Task prompt: Copy each line of the records below that mentions the word "obtain".

(Stored data)
▽

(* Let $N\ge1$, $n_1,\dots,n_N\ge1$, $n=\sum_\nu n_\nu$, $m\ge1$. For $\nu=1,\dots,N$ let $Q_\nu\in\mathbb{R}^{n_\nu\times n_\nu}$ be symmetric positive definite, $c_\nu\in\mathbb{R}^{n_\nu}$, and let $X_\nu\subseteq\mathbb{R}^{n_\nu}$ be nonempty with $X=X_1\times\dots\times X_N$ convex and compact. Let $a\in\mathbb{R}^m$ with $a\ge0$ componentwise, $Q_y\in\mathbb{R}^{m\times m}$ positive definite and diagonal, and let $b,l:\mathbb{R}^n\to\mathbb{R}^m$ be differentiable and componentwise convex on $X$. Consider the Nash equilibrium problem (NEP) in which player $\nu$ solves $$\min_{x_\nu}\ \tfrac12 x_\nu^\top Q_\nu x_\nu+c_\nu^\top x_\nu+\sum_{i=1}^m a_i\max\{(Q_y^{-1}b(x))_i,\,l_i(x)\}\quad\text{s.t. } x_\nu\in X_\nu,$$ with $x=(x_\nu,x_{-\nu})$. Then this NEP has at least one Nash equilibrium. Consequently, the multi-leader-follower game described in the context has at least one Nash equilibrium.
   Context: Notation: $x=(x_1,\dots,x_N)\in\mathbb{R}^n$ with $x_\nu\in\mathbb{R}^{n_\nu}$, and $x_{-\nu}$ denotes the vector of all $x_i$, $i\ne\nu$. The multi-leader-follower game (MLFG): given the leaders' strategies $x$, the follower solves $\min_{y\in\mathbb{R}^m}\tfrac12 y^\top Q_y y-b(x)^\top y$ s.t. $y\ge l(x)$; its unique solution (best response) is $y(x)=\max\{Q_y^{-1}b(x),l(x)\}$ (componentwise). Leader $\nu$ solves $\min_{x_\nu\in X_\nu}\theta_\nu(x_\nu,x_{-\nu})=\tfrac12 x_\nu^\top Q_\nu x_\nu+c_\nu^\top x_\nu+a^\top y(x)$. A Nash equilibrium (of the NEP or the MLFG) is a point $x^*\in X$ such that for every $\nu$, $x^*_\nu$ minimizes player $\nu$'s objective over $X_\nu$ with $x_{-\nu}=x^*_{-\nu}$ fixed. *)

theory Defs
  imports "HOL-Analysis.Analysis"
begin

△
▽

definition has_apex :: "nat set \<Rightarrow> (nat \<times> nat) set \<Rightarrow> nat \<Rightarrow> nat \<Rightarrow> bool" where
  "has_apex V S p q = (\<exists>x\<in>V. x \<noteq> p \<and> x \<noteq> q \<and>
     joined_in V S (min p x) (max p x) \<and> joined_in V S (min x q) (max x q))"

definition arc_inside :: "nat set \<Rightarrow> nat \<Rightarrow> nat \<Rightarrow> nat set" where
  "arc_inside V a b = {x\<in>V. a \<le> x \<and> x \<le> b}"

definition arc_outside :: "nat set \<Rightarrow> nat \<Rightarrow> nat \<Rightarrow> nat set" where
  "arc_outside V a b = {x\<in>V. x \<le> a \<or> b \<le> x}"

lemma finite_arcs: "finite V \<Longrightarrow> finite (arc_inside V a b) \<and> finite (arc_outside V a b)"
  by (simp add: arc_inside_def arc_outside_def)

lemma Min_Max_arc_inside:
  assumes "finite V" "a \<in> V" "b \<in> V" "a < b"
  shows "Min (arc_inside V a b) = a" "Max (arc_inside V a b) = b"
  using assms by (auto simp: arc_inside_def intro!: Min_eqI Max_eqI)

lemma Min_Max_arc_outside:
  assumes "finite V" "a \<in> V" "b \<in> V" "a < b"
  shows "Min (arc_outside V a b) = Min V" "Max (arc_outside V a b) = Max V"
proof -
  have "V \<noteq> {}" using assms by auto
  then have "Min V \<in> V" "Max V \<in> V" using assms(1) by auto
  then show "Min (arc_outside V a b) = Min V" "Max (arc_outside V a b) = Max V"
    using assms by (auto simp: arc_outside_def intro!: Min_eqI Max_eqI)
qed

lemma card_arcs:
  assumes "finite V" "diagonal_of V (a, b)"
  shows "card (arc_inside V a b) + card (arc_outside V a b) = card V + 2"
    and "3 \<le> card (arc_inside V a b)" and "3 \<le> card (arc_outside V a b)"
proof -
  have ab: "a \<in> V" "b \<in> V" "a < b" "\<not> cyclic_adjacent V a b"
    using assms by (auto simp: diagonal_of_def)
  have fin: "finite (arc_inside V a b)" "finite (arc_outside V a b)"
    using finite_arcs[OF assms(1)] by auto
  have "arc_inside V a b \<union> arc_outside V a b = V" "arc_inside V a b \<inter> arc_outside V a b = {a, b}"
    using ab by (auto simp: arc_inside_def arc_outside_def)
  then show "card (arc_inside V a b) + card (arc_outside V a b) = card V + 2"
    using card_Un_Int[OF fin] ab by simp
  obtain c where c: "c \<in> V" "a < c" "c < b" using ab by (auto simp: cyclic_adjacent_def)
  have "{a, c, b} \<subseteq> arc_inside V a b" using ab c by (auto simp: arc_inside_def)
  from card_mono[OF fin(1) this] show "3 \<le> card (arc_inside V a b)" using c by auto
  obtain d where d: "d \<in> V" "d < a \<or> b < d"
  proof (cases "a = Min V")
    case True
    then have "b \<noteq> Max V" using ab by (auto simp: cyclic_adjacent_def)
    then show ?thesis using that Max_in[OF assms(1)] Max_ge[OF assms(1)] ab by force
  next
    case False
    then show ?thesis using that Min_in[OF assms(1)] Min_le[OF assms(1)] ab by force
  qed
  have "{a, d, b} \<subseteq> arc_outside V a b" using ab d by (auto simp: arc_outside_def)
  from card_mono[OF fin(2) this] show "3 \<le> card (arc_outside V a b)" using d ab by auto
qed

△

Exercise response:
  obtain c where c: "c \<in> V" "a < c" "c < b" using ab by (auto simp: cyclic_adjacent_def)
  obtain d where d: "d \<in> V" "d < a \<or> b < d"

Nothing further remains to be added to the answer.